> **Instructions to follow**:
Return each line below holding the string "where".
────────────────
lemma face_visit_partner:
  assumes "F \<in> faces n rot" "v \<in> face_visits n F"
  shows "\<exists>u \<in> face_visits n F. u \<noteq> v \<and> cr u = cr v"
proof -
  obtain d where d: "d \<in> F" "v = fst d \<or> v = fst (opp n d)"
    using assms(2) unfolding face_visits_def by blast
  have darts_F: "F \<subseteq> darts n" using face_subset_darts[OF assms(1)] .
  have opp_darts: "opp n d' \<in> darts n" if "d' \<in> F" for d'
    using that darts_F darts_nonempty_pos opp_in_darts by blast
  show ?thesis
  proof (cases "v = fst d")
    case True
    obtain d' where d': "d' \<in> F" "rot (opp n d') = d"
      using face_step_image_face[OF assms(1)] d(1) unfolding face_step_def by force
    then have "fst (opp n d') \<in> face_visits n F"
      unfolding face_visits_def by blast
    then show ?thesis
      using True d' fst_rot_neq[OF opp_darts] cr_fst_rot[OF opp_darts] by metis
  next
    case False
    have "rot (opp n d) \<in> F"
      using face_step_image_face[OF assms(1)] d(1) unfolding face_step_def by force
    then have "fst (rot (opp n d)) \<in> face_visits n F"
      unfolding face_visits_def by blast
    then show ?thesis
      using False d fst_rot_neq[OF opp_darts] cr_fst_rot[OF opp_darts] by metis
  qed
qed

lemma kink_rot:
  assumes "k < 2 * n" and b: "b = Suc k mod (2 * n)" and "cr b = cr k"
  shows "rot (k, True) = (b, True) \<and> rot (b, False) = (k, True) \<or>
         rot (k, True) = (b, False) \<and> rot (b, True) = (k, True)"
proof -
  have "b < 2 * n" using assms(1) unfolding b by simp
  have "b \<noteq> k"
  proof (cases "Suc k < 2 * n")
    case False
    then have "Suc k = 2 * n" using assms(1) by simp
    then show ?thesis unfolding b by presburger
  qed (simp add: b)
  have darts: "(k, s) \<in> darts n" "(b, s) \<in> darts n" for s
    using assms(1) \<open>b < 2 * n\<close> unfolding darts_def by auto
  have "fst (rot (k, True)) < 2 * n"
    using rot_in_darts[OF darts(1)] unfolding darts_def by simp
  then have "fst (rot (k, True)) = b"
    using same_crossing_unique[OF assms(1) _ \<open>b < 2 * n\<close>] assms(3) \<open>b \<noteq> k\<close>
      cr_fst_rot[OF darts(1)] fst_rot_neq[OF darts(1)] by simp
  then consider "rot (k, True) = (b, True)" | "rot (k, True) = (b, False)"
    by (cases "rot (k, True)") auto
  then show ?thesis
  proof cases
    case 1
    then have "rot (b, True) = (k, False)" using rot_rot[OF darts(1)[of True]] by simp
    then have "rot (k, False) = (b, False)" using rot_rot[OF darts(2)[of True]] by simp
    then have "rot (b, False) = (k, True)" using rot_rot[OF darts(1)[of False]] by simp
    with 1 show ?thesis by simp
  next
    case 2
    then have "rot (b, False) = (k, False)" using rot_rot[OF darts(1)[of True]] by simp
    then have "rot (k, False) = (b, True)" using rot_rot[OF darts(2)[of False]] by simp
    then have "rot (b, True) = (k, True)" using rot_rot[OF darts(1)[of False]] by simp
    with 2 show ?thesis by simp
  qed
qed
────────────────
> **Output for this task**:
  obtain d where d: "d \<in> F" "v = fst d \<or> v = fst (opp n d)"
    obtain d' where d': "d' \<in> F" "rot (opp n d') = d"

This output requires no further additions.